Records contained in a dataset
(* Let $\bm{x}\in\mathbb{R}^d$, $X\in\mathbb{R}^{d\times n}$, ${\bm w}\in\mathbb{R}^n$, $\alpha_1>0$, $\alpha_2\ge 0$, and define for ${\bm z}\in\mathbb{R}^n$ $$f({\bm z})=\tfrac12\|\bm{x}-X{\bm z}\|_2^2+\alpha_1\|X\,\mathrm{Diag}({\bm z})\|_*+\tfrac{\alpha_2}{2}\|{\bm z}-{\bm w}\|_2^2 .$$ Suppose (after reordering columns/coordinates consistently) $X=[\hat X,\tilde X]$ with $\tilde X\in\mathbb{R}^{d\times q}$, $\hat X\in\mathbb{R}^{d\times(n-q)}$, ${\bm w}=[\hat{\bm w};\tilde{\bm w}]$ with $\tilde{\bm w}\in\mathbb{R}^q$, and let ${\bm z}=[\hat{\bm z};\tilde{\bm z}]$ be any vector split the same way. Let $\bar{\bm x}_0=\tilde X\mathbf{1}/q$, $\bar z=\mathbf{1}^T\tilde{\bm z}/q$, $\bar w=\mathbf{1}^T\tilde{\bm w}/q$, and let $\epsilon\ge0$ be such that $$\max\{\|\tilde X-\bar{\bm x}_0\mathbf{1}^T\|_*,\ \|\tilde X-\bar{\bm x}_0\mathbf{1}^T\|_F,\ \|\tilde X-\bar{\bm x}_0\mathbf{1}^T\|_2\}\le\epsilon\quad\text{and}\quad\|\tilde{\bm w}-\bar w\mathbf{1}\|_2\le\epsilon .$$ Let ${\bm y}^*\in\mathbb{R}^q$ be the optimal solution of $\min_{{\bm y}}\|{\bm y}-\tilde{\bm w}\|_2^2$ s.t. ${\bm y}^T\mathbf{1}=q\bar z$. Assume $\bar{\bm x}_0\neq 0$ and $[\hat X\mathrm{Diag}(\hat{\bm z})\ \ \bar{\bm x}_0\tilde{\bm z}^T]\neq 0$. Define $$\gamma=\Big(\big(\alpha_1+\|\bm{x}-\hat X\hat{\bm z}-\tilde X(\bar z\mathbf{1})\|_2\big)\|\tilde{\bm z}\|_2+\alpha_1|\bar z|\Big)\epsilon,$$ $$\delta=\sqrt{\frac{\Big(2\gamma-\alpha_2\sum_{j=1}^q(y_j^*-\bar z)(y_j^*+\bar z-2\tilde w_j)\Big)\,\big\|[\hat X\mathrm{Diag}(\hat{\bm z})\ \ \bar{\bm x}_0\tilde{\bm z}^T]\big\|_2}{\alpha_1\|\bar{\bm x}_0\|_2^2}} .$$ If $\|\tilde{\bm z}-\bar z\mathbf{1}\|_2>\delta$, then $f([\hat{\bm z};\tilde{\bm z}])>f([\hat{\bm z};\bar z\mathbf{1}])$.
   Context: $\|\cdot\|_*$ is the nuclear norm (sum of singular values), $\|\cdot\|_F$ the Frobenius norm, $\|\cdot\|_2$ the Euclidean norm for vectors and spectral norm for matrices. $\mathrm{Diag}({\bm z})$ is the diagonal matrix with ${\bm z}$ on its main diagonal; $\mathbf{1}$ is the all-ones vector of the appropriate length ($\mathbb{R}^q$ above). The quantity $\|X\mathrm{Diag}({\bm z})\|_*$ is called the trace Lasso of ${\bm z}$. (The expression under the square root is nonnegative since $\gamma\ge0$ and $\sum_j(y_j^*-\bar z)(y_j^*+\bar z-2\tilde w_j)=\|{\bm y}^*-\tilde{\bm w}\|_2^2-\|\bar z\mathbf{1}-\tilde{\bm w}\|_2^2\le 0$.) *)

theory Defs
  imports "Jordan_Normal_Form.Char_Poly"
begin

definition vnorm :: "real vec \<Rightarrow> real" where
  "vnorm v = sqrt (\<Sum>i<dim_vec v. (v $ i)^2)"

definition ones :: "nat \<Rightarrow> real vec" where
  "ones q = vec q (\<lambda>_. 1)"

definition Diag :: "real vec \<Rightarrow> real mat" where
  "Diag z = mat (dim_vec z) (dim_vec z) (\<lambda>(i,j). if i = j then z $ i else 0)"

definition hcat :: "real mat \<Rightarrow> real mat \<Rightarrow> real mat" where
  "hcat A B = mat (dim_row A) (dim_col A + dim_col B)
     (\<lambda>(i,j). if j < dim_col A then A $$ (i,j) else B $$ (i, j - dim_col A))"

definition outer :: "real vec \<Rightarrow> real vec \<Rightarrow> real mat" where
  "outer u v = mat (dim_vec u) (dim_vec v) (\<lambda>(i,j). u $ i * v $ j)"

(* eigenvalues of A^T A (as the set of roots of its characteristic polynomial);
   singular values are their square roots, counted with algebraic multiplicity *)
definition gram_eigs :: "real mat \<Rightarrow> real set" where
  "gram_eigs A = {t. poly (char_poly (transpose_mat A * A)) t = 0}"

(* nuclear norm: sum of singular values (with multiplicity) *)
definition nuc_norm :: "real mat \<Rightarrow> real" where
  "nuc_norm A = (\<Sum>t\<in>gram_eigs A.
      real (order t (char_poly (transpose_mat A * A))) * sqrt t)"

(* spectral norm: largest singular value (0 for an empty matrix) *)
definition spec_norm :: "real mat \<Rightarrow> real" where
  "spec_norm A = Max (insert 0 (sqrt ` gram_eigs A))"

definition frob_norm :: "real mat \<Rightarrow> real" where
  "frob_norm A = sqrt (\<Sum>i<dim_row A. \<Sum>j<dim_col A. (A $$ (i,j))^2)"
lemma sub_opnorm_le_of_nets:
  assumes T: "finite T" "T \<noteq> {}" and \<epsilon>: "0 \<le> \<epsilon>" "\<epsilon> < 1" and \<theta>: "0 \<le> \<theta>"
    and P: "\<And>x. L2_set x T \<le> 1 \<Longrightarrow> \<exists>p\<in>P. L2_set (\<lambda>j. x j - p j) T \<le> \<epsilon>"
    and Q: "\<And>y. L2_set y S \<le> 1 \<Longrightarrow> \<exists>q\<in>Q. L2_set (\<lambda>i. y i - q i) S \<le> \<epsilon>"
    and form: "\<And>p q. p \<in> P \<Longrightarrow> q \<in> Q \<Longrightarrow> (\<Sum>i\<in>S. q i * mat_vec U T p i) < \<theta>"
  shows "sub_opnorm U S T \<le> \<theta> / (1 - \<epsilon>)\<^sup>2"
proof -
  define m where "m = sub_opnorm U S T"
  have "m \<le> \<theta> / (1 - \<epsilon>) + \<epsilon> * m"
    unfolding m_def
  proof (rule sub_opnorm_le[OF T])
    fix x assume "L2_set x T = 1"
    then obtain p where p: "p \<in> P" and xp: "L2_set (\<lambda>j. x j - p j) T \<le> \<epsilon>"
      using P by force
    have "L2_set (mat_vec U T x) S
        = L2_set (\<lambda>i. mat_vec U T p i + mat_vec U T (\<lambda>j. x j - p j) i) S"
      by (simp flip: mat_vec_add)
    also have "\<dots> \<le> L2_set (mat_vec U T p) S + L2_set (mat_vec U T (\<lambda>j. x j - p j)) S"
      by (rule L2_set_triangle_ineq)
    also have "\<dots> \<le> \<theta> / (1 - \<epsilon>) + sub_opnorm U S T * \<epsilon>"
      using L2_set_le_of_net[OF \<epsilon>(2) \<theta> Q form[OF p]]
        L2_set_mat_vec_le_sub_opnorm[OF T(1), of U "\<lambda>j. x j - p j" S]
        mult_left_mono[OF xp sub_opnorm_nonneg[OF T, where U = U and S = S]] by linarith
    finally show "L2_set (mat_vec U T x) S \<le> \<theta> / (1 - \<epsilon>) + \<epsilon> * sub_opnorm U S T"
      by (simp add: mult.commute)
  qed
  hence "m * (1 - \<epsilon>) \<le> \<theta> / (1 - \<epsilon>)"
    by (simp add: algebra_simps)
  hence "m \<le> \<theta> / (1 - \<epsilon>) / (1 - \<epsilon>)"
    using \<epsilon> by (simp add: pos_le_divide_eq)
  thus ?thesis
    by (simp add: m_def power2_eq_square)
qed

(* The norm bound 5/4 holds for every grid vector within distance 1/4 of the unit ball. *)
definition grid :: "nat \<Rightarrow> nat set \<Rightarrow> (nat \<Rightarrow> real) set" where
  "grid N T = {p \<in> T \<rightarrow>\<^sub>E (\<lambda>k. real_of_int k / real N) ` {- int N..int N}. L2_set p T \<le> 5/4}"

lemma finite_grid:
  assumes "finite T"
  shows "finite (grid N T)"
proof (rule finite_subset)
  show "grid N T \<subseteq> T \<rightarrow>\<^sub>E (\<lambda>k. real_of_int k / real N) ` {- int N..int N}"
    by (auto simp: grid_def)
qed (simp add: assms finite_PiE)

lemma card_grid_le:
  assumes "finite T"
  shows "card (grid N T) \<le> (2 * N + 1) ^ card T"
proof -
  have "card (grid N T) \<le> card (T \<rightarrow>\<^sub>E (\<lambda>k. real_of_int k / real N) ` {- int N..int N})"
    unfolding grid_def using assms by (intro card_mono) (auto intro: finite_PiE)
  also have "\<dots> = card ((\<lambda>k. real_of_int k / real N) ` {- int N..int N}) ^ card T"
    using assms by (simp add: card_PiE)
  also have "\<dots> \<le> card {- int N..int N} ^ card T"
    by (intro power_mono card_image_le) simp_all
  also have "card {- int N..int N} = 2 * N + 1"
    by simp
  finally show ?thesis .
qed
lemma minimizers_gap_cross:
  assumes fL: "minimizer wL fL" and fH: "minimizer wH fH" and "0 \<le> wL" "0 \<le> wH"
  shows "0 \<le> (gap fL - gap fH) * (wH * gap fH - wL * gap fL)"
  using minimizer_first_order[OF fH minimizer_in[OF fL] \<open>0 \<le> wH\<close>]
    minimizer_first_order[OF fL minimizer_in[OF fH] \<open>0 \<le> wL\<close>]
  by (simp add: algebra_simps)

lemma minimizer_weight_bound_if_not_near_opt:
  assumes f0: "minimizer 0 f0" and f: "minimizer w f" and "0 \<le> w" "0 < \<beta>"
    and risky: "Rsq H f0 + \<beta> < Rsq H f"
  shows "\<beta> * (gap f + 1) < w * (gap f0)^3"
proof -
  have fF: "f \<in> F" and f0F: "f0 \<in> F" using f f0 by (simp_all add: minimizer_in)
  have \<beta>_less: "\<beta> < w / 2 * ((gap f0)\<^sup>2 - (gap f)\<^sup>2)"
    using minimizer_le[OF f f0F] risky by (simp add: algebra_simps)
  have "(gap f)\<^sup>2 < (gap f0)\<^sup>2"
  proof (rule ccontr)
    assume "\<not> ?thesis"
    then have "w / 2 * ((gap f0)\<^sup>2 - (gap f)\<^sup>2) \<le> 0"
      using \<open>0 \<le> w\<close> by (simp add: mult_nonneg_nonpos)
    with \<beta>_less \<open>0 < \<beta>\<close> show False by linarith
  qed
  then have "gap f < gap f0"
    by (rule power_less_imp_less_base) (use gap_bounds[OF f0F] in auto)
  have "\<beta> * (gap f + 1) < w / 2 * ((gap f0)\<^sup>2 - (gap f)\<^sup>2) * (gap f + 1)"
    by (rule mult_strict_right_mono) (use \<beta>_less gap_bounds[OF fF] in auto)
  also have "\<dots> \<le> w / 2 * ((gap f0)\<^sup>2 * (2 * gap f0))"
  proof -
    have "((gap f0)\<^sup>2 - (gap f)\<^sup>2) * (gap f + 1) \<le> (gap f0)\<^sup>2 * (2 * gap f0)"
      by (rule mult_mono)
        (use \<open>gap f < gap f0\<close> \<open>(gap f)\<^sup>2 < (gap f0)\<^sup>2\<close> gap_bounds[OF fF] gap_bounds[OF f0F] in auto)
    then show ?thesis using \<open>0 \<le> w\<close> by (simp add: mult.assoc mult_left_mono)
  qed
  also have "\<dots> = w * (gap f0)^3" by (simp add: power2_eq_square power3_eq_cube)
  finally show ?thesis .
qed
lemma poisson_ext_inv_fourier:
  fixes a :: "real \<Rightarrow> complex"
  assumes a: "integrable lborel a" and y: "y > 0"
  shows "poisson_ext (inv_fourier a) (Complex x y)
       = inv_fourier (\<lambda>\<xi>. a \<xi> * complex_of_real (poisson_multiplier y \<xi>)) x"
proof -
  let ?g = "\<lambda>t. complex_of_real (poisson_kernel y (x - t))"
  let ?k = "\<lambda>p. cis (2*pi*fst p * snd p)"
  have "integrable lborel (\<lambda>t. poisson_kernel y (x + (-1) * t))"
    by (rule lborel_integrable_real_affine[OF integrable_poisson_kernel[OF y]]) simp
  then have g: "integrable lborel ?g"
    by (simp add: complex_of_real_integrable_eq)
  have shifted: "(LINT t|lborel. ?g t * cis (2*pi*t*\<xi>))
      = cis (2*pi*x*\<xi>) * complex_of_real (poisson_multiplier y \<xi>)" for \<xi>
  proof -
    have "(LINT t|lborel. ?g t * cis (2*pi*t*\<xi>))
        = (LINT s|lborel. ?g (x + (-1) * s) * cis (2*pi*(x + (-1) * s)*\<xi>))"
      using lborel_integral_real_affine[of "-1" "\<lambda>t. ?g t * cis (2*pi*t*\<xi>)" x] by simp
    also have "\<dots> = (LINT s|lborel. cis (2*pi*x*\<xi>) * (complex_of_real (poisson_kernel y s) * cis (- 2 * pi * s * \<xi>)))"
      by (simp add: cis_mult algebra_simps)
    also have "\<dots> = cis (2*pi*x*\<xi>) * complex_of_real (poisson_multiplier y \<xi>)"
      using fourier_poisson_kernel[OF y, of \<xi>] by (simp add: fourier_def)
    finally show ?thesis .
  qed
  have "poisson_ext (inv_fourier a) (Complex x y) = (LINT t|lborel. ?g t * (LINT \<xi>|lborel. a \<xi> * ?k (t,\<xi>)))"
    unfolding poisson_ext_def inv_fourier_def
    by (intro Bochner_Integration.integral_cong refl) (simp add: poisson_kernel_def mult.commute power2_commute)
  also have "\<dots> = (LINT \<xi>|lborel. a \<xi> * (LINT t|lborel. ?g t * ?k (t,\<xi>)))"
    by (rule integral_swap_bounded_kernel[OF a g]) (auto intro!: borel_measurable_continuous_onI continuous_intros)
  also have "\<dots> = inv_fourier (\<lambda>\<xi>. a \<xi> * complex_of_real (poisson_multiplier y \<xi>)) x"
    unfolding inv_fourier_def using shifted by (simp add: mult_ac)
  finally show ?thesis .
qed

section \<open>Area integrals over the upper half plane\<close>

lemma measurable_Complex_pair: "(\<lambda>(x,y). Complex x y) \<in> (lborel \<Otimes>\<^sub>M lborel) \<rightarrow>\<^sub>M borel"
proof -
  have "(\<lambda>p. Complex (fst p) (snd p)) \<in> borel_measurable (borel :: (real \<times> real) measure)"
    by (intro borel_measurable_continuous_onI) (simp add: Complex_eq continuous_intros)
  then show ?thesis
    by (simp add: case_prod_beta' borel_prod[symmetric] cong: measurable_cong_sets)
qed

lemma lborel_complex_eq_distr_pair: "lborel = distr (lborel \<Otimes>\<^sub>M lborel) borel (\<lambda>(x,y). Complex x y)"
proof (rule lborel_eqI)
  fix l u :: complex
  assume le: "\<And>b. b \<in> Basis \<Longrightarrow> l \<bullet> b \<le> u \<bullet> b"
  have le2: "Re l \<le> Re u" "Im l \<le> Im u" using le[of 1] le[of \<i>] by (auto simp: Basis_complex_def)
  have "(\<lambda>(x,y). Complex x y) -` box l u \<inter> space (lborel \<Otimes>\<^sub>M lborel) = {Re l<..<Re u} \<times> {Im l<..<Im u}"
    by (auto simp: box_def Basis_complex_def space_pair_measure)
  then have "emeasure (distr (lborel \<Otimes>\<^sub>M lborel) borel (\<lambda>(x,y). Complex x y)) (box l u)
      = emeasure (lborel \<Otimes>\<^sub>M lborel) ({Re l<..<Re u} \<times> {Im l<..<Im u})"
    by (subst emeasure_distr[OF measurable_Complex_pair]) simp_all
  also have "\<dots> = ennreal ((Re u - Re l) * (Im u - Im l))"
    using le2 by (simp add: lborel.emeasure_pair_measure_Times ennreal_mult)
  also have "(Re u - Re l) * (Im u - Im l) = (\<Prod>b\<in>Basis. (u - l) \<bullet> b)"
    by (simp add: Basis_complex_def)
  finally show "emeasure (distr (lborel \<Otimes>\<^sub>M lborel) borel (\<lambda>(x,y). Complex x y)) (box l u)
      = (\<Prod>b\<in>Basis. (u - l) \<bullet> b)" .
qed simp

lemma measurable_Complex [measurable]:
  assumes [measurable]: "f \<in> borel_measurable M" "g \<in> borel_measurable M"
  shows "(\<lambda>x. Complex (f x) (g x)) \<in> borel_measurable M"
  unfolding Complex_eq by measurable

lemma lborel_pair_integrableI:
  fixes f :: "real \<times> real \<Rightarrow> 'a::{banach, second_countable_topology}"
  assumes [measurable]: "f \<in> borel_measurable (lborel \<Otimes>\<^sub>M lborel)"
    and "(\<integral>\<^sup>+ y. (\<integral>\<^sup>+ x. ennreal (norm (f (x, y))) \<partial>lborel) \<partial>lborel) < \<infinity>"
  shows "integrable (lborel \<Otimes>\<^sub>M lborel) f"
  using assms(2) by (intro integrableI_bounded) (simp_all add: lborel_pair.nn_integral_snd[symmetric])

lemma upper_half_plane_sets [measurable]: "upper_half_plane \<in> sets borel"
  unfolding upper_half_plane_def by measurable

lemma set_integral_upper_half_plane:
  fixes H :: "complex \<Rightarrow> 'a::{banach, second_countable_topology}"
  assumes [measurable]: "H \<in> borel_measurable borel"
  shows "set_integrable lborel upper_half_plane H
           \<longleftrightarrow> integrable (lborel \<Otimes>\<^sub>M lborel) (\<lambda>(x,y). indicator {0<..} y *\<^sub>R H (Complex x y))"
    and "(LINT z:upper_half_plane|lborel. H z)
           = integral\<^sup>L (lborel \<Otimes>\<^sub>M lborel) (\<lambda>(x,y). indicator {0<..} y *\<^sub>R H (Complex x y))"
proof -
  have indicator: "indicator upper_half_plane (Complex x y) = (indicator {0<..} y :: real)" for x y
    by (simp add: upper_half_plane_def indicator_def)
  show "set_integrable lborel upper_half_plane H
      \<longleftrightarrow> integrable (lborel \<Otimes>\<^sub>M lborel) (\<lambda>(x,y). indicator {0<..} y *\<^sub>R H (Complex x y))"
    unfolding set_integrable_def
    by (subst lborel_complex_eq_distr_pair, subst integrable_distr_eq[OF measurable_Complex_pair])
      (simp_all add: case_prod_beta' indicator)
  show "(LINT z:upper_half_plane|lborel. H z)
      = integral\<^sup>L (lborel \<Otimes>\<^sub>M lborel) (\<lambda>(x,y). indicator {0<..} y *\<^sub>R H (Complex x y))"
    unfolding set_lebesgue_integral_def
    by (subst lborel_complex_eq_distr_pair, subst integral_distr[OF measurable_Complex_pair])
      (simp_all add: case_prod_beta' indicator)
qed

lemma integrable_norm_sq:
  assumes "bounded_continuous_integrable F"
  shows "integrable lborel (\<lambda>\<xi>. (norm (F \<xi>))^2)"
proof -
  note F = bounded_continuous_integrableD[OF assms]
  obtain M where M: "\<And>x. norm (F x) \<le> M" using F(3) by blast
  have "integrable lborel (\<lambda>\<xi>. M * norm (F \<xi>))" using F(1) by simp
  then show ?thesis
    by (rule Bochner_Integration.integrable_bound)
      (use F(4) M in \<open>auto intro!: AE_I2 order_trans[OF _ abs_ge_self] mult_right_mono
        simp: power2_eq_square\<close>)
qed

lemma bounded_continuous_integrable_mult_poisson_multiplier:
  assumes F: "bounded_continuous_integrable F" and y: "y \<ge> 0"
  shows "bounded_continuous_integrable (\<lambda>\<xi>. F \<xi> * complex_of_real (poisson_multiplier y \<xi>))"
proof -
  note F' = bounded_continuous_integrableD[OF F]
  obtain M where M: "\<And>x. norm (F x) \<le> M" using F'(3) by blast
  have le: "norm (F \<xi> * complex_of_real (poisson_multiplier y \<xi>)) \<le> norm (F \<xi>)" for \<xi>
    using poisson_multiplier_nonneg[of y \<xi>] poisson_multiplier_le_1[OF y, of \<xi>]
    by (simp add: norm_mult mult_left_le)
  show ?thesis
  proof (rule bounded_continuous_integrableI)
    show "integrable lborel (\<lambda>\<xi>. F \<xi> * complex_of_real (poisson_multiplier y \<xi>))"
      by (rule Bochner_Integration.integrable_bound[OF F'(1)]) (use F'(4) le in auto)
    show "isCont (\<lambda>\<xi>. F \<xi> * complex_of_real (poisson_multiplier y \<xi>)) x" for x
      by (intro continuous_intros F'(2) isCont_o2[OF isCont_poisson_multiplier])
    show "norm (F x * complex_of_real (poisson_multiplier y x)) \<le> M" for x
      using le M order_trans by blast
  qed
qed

(What to produce): State how many lines of the records contain the string "Longrightarrow". The number is the whole answer.

(Exercise response): 4